Your assignment:
Determine the count of lines in the following entries that contain the string "blast". Write only the number.

___

(* Let $\ell=2m+1\ge3$, $a\in\mathfrak o_\ell^\times$ with image $\bar a\in\mathfrak o_m$, let $x\in\mathfrak g(\mathfrak o_m)$ be an $\bar a$-regular element and $\tilde x\in\mathfrak g(\mathfrak o_\ell)$ any lift of $x$. Then $\mathbf U(\mathfrak o_\ell)\cap C_{\mathbf G(\mathfrak o_\ell)}(\tilde x)K_\ell^m=\mathbf U(\varpi^m\mathfrak o_\ell)$.
   Context: $\mathfrak o$: ring of integers of a non-archimedean local field, uniformizer $\varpi$, residue field $\mathbb F_q$ of characteristic $p$; $\mathfrak o_r=\mathfrak o/\varpi^r\mathfrak o$. Either $\mathbf G={\rm GL}_n$, $\mathfrak g=M_n$, or $\mathbf G={\rm SL}_n$, $\mathfrak g=\mathfrak{sl}_n$ with $p$ odd, $p\nmid n$. $\mathbf U(\mathfrak o_\ell)$: upper unitriangular matrices in $\mathbf G(\mathfrak o_\ell)$; $\mathbf U(\varpi^k\mathfrak o_\ell)$: those with strictly upper triangular entries in $\varpi^k\mathfrak o_\ell$. $K_\ell^m=\ker(\mathbf G(\mathfrak o_\ell)\to\mathbf G(\mathfrak o_m))$. For $\alpha\in\mathfrak o_m^\times$, an $\alpha$-regular element of $\mathfrak g(\mathfrak o_m)$ is a matrix with $(2,1)$ entry $\alpha$, $(i+1,i)$ entries $1$ for $2\le i\le n-1$, arbitrary last column, other entries $0$. $C_{\mathbf G(\mathfrak o_\ell)}(\tilde x)$ is the centralizer of $\tilde x$ in $\mathbf G(\mathfrak o_\ell)$. *)

theory Defs
  imports "Jordan_Normal_Form.Determinant"
begin

text \<open>Congruence modulo pi^k in the ring of integers o (elements of o_k are represented
  by elements of o; equality in o_k is congruence modulo pi^k).\<close>
definition cong_pi :: "'a::idom \<Rightarrow> nat \<Rightarrow> 'a \<Rightarrow> 'a \<Rightarrow> bool" where
  "cong_pi \<pi> k a b \<longleftrightarrow> \<pi> ^ k dvd (a - b)"

text \<open>o is the ring of integers of a non-archimedean local field with uniformizer pi and
  residue field of characteristic p: a complete discrete valuation ring with finite
  residue field of characteristic p.\<close>
definition local_field_integers :: "'a::idom \<Rightarrow> nat \<Rightarrow> bool" where
  "local_field_integers \<pi> p \<longleftrightarrow>
     \<pi> \<noteq> 0 \<and> \<not> \<pi> dvd 1 \<and>
     (\<forall>x. x \<noteq> 0 \<longrightarrow> (\<exists>u k. u dvd 1 \<and> x = u * \<pi> ^ k)) \<and>
     (\<forall>f :: nat \<Rightarrow> 'a. (\<forall>k. cong_pi \<pi> k (f (Suc k)) (f k)) \<longrightarrow>
        (\<exists>L. \<forall>k. cong_pi \<pi> k L (f k))) \<and>
     (\<exists>S. finite S \<and> (\<forall>x. \<exists>s\<in>S. cong_pi \<pi> 1 x s)) \<and>
     prime p \<and> \<pi> dvd of_nat p"

definition mat_cong :: "'a::idom \<Rightarrow> nat \<Rightarrow> 'a mat \<Rightarrow> 'a mat \<Rightarrow> bool" where
  "mat_cong \<pi> k A B \<longleftrightarrow> dim_row A = dim_row B \<and> dim_col A = dim_col B \<and>
     (\<forall>i < dim_row A. \<forall>j < dim_col A. cong_pi \<pi> k (A $$ (i,j)) (B $$ (i,j)))"

definition mat_trace :: "'a::comm_ring_1 mat \<Rightarrow> 'a" where
  "mat_trace A = (\<Sum>i<dim_row A. A $$ (i,i))"

text \<open>Representatives of G(o_l): G = GL_n if isSL = False, G = SL_n if isSL = True.\<close>
definition G_mem :: "bool \<Rightarrow> 'a::idom \<Rightarrow> nat \<Rightarrow> nat \<Rightarrow> 'a mat \<Rightarrow> bool" where
  "G_mem isSL \<pi> n l g \<longleftrightarrow> g \<in> carrier_mat n n \<and>
     (if isSL then cong_pi \<pi> l (det g) 1 else (\<exists>v. cong_pi \<pi> l (det g * v) 1))"

definition lie_mem :: "bool \<Rightarrow> 'a::idom \<Rightarrow> nat \<Rightarrow> nat \<Rightarrow> 'a mat \<Rightarrow> bool" where
  "lie_mem isSL \<pi> n l X \<longleftrightarrow> X \<in> carrier_mat n n \<and>
     (isSL \<longrightarrow> cong_pi \<pi> l (mat_trace X) 0)"

text \<open>x in g(o_m) is alpha-regular (0-based indices: entry (1,0) is alpha, entries
  (j+1,j) for 1 <= j <= n-2 are 1, last column arbitrary, all others 0), modulo pi^m.\<close>
definition regular :: "'a::idom \<Rightarrow> nat \<Rightarrow> nat \<Rightarrow> 'a \<Rightarrow> 'a mat \<Rightarrow> bool" where
  "regular \<pi> n m \<alpha> x \<longleftrightarrow> x \<in> carrier_mat n n \<and>
     (\<forall>i<n. \<forall>j<n. j \<noteq> n - 1 \<longrightarrow>
        cong_pi \<pi> m (x $$ (i,j)) (if i = j + 1 then (if j = 0 then \<alpha> else 1) else 0))"

definition U_set :: "bool \<Rightarrow> 'a::idom \<Rightarrow> nat \<Rightarrow> nat \<Rightarrow> 'a mat set" where
  "U_set isSL \<pi> n l = {u. G_mem isSL \<pi> n l u \<and>
     (\<forall>i<n. \<forall>j<n. (j < i \<longrightarrow> cong_pi \<pi> l (u $$ (i,j)) 0) \<and>
                   (i = j \<longrightarrow> cong_pi \<pi> l (u $$ (i,j)) 1))}"

definition U_pi_set :: "bool \<Rightarrow> 'a::idom \<Rightarrow> nat \<Rightarrow> nat \<Rightarrow> nat \<Rightarrow> 'a mat set" where
  "U_pi_set isSL \<pi> n k l = {u. u \<in> U_set isSL \<pi> n l \<and>
     (\<forall>i<n. \<forall>j<n. i < j \<longrightarrow> cong_pi \<pi> k (u $$ (i,j)) 0)}"

definition centralizer_set :: "bool \<Rightarrow> 'a::idom \<Rightarrow> nat \<Rightarrow> nat \<Rightarrow> 'a mat \<Rightarrow> 'a mat set" where
  "centralizer_set isSL \<pi> n l xt = {c. G_mem isSL \<pi> n l c \<and> mat_cong \<pi> l (c * xt) (xt * c)}"

definition K_set :: "bool \<Rightarrow> 'a::idom \<Rightarrow> nat \<Rightarrow> nat \<Rightarrow> nat \<Rightarrow> 'a mat set" where
  "K_set isSL \<pi> n l m = {k. G_mem isSL \<pi> n l k \<and> mat_cong \<pi> m k (1\<^sub>m n)}"

text \<open>Product set C K in G(o_l) (as representatives, saturated under congruence mod pi^l).\<close>
definition prod_set :: "'a::idom \<Rightarrow> nat \<Rightarrow> nat \<Rightarrow> 'a mat set \<Rightarrow> 'a mat set \<Rightarrow> 'a mat set" where
  "prod_set \<pi> n l A B = {g. g \<in> carrier_mat n n \<and> (\<exists>a\<in>A. \<exists>b\<in>B. mat_cong \<pi> l g (a * b))}"

end

theory Submission
  imports Defs
begin

text \<open>Modulo pi^m, the first column of a unipotent upper triangular u is e_0. If u also
  commutes with an alpha-regular x, comparing column j of u x and x u gives
  c_j u e_(j+1) = x e_j = c_j e_(j+1) with a unit c_j (alpha for j = 0, else 1), so by induction
  every column of u is a standard basis vector and u = 1 mod pi^m. Any u = c k with c
  centralising the lift of x and k in K_l^m commutes with x modulo pi^m, which gives one
  inclusion; the other holds because U(pi^m o_l) lies in K_l^m.\<close>

lemma cong_pi_refl [simp]: "cong_pi \<pi> k a a"
  by (simp add: cong_pi_def)

lemma cong_pi_sym: "cong_pi \<pi> k a b \<Longrightarrow> cong_pi \<pi> k b a"
  unfolding cong_pi_def by (metis dvd_minus_iff minus_diff_eq)

lemma cong_pi_trans [trans]: "cong_pi \<pi> k a b \<Longrightarrow> cong_pi \<pi> k b c \<Longrightarrow> cong_pi \<pi> k a c"
  unfolding cong_pi_def by (metis diff_add_cancel dvd_add add_diff_eq)

lemma cong_pi_mono: "k \<le> l \<Longrightarrow> cong_pi \<pi> l a b \<Longrightarrow> cong_pi \<pi> k a b"
  unfolding cong_pi_def using power_le_dvd by blast

lemma cong_pi_mult:
  assumes "cong_pi \<pi> k a a'" "cong_pi \<pi> k b b'"
  shows "cong_pi \<pi> k (a * b) (a' * b')"
proof -
  have "a * b - a' * b' = a * (b - b') + (a - a') * b'"
    by (simp add: algebra_simps)
  with assms show ?thesis
    unfolding cong_pi_def by simp
qed

lemma cong_pi_sum:
  "(\<And>i. i \<in> S \<Longrightarrow> cong_pi \<pi> k (f i) (g i)) \<Longrightarrow> cong_pi \<pi> k (sum f S) (sum g S)"
  unfolding cong_pi_def by (simp add: sum_subtractf[symmetric] dvd_sum)

lemma cong_pi_sum_delta:
  fixes n :: nat
  assumes "k < n" and "\<And>r. r < n \<Longrightarrow> cong_pi \<pi> e (g r) (if r = k then c else 0)"
  shows "cong_pi \<pi> e (\<Sum>r<n. f r * g r) (f k * c)"
proof -
  have "cong_pi \<pi> e (\<Sum>r<n. f r * g r) (\<Sum>r<n. f r * (if r = k then c else 0))"
    using assms(2) by (intro cong_pi_sum cong_pi_mult) auto
  also have "(\<Sum>r<n. f r * (if r = k then c else 0)) = f k * c"
    using assms(1) by (simp add: if_distrib cong: if_cong)
  finally show ?thesis .
qed

lemma uniformizer_prime_elem:
  assumes "local_field_integers \<pi> p"
  shows "prime_elem \<pi>"
proof (rule prime_elemI)
  from assms show "\<pi> \<noteq> 0" and not_unit: "\<not> \<pi> dvd 1"
    unfolding local_field_integers_def by auto
  from assms have factor: "\<And>x. x \<noteq> 0 \<Longrightarrow> \<exists>u k. u dvd 1 \<and> x = u * \<pi> ^ k"
    unfolding local_field_integers_def by auto
  fix x y assume dvd: "\<pi> dvd x * y"
  show "\<pi> dvd x \<or> \<pi> dvd y"
  proof (cases "x = 0 \<or> y = 0")
    case False
    then obtain u i w j where u: "u dvd 1" "x = u * \<pi> ^ i" and w: "w dvd 1" "y = w * \<pi> ^ j"
      using factor by metis
    show ?thesis
    proof (cases "i = 0 \<and> j = 0")
      case True
      with u w dvd have "\<pi> dvd u * w" by simp
      with u w not_unit show ?thesis by (meson dvd_trans unit_prod)
    next
      case False
      with u w show ?thesis by (metis dvd_mult dvd_power gr0I)
    qed
  qed auto
qed

lemma prime_elem_power_dvd_mult_cancel:
  fixes \<pi> :: "'a::idom"
  assumes \<pi>: "prime_elem \<pi>" and b: "\<not> \<pi> dvd b"
  shows "\<pi> ^ m dvd b * d \<Longrightarrow> \<pi> ^ m dvd d"
proof (induction m arbitrary: d)
  case (Suc m)
  have "\<pi> dvd b * d"
    using Suc.prems by (metis dvd_mult_left power_Suc)
  with \<pi> b have "\<pi> dvd d"
    using prime_elem_dvd_multD by blast
  then obtain e where e: "d = \<pi> * e" ..
  have "\<pi> * \<pi> ^ m dvd \<pi> * (b * e)"
    using Suc.prems e by (simp add: ac_simps)
  then have "\<pi> ^ m dvd b * e"
    using prime_elem_not_zeroI[OF \<pi>] by simp
  then have "\<pi> ^ m dvd e"
    by (rule Suc.IH)
  with e show ?case
    by (simp add: mult_dvd_mono)
qed simp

___

Exercise solution:
2